**DATA SUPPLIED:**

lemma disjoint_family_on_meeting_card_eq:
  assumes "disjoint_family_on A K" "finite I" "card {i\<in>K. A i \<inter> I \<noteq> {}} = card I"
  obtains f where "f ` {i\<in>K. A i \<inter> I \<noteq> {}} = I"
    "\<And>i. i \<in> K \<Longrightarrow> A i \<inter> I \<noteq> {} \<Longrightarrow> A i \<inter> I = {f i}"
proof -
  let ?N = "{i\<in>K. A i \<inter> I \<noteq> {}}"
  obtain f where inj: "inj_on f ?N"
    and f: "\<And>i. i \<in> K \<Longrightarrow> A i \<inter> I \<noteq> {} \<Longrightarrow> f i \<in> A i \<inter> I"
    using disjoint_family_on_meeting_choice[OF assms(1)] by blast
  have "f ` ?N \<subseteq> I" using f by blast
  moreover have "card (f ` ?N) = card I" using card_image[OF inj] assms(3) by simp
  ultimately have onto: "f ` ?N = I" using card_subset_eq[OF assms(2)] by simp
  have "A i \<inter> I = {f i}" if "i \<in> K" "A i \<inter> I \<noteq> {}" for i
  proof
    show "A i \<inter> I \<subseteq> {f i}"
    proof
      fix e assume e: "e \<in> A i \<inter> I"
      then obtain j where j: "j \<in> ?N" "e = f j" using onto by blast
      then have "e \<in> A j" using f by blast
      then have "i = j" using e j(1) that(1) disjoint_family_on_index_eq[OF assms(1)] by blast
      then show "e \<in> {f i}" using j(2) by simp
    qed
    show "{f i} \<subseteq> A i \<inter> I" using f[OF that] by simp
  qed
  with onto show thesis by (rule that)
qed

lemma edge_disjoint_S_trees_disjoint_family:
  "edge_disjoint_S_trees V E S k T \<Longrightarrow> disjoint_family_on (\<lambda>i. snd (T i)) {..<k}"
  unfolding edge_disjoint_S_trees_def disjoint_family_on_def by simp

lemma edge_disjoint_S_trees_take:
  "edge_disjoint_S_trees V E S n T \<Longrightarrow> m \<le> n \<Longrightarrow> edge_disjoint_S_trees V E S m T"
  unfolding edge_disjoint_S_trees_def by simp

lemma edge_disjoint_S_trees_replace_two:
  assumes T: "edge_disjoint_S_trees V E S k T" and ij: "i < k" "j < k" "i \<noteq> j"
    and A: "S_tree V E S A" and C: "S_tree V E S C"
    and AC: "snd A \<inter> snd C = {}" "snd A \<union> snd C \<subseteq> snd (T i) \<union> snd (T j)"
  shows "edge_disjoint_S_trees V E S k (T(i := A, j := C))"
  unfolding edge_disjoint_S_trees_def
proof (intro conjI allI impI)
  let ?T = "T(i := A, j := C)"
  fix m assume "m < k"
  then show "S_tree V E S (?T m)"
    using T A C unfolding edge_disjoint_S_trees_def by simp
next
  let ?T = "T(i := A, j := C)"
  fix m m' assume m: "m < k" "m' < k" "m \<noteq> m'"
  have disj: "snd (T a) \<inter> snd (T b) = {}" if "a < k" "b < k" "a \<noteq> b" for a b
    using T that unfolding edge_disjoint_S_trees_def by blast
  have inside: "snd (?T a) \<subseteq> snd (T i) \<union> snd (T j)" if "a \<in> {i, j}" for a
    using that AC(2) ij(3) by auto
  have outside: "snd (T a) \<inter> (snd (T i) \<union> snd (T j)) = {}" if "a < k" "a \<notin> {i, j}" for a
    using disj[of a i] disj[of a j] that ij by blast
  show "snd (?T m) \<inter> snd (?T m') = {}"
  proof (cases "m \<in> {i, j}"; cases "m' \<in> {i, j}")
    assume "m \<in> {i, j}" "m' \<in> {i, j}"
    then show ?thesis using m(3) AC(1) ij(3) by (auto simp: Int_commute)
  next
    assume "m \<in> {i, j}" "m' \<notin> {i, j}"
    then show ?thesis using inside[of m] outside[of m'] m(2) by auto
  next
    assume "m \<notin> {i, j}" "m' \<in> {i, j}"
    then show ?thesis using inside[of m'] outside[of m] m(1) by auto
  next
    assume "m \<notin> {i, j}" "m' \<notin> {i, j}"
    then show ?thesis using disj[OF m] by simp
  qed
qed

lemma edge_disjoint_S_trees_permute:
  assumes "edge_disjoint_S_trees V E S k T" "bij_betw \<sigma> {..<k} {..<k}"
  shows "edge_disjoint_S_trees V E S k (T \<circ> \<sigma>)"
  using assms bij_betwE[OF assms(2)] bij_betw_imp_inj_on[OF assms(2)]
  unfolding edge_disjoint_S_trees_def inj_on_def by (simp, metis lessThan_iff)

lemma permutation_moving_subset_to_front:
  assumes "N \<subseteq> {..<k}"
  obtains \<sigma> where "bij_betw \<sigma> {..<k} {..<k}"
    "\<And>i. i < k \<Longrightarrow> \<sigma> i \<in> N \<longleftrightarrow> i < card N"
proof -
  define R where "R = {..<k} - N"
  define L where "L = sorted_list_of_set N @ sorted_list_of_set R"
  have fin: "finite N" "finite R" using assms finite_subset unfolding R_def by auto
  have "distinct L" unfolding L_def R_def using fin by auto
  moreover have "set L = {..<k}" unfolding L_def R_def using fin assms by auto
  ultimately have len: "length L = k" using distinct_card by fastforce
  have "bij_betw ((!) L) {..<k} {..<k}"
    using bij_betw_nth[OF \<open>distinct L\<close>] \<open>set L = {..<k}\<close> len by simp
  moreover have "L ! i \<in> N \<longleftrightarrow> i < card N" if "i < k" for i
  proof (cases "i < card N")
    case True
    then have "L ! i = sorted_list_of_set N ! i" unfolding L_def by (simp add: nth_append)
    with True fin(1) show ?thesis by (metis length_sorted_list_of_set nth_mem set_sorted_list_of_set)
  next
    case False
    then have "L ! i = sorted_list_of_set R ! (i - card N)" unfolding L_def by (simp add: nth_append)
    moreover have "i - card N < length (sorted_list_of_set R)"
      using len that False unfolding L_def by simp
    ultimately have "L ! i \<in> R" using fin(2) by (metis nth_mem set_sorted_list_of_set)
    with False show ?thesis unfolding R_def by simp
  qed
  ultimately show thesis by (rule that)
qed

---

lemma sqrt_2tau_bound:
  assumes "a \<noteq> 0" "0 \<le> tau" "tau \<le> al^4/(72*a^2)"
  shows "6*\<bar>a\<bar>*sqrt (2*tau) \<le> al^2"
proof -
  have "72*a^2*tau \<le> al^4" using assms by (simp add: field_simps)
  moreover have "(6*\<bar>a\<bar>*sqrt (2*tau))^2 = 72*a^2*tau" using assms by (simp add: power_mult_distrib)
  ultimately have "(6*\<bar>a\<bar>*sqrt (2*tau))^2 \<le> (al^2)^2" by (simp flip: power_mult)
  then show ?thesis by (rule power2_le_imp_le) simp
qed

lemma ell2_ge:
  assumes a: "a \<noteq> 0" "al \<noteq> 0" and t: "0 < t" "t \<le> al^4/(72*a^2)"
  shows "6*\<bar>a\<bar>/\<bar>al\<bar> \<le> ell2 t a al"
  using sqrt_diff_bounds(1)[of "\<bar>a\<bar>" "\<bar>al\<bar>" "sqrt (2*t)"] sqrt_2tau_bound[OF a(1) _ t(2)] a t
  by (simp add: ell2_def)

* * *

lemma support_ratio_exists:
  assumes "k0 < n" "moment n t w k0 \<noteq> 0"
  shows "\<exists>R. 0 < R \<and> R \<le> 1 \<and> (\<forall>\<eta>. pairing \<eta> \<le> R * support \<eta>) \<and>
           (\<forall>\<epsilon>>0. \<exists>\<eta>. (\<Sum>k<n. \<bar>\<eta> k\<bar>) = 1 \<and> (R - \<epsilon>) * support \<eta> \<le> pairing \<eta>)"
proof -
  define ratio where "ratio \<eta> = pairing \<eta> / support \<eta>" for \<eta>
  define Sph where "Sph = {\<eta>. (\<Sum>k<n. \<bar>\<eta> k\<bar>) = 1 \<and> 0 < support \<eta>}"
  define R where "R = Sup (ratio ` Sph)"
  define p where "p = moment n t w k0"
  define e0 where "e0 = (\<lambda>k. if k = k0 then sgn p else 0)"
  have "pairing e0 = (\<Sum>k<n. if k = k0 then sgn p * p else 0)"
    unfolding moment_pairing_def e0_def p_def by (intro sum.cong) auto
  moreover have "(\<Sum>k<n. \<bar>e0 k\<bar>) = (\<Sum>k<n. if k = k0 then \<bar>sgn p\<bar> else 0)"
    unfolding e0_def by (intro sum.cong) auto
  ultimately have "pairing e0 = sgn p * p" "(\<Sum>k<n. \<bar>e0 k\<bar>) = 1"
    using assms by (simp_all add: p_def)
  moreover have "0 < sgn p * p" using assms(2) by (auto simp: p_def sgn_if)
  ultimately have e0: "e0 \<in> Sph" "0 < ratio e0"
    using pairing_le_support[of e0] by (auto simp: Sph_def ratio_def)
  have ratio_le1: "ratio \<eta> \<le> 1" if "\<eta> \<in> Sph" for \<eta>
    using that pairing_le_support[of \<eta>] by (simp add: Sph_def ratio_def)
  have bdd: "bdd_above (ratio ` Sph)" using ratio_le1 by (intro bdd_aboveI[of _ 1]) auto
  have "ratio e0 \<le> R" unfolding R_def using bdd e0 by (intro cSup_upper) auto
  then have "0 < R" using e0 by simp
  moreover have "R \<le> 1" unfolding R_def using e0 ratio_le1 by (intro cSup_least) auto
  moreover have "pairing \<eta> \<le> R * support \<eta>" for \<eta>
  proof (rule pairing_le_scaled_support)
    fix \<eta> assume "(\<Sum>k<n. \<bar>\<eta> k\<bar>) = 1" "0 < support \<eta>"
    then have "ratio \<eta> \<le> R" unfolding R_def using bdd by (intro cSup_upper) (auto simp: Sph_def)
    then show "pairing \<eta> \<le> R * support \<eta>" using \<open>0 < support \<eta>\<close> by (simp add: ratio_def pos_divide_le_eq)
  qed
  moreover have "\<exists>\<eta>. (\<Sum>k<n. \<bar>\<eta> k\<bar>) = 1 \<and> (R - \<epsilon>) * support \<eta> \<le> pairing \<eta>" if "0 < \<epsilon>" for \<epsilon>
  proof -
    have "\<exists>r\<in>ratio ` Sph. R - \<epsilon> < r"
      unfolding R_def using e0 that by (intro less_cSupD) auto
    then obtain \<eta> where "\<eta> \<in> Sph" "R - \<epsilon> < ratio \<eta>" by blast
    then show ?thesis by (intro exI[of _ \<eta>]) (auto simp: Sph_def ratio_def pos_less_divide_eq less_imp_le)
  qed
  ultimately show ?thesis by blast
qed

**WHAT YOU SHOULD DO:** If a line in the records contains the word "True", copy it.

**ANSWER BOX:**
    case True
    with True fin(1) show ?thesis by (metis length_sorted_list_of_set nth_mem set_sorted_list_of_set)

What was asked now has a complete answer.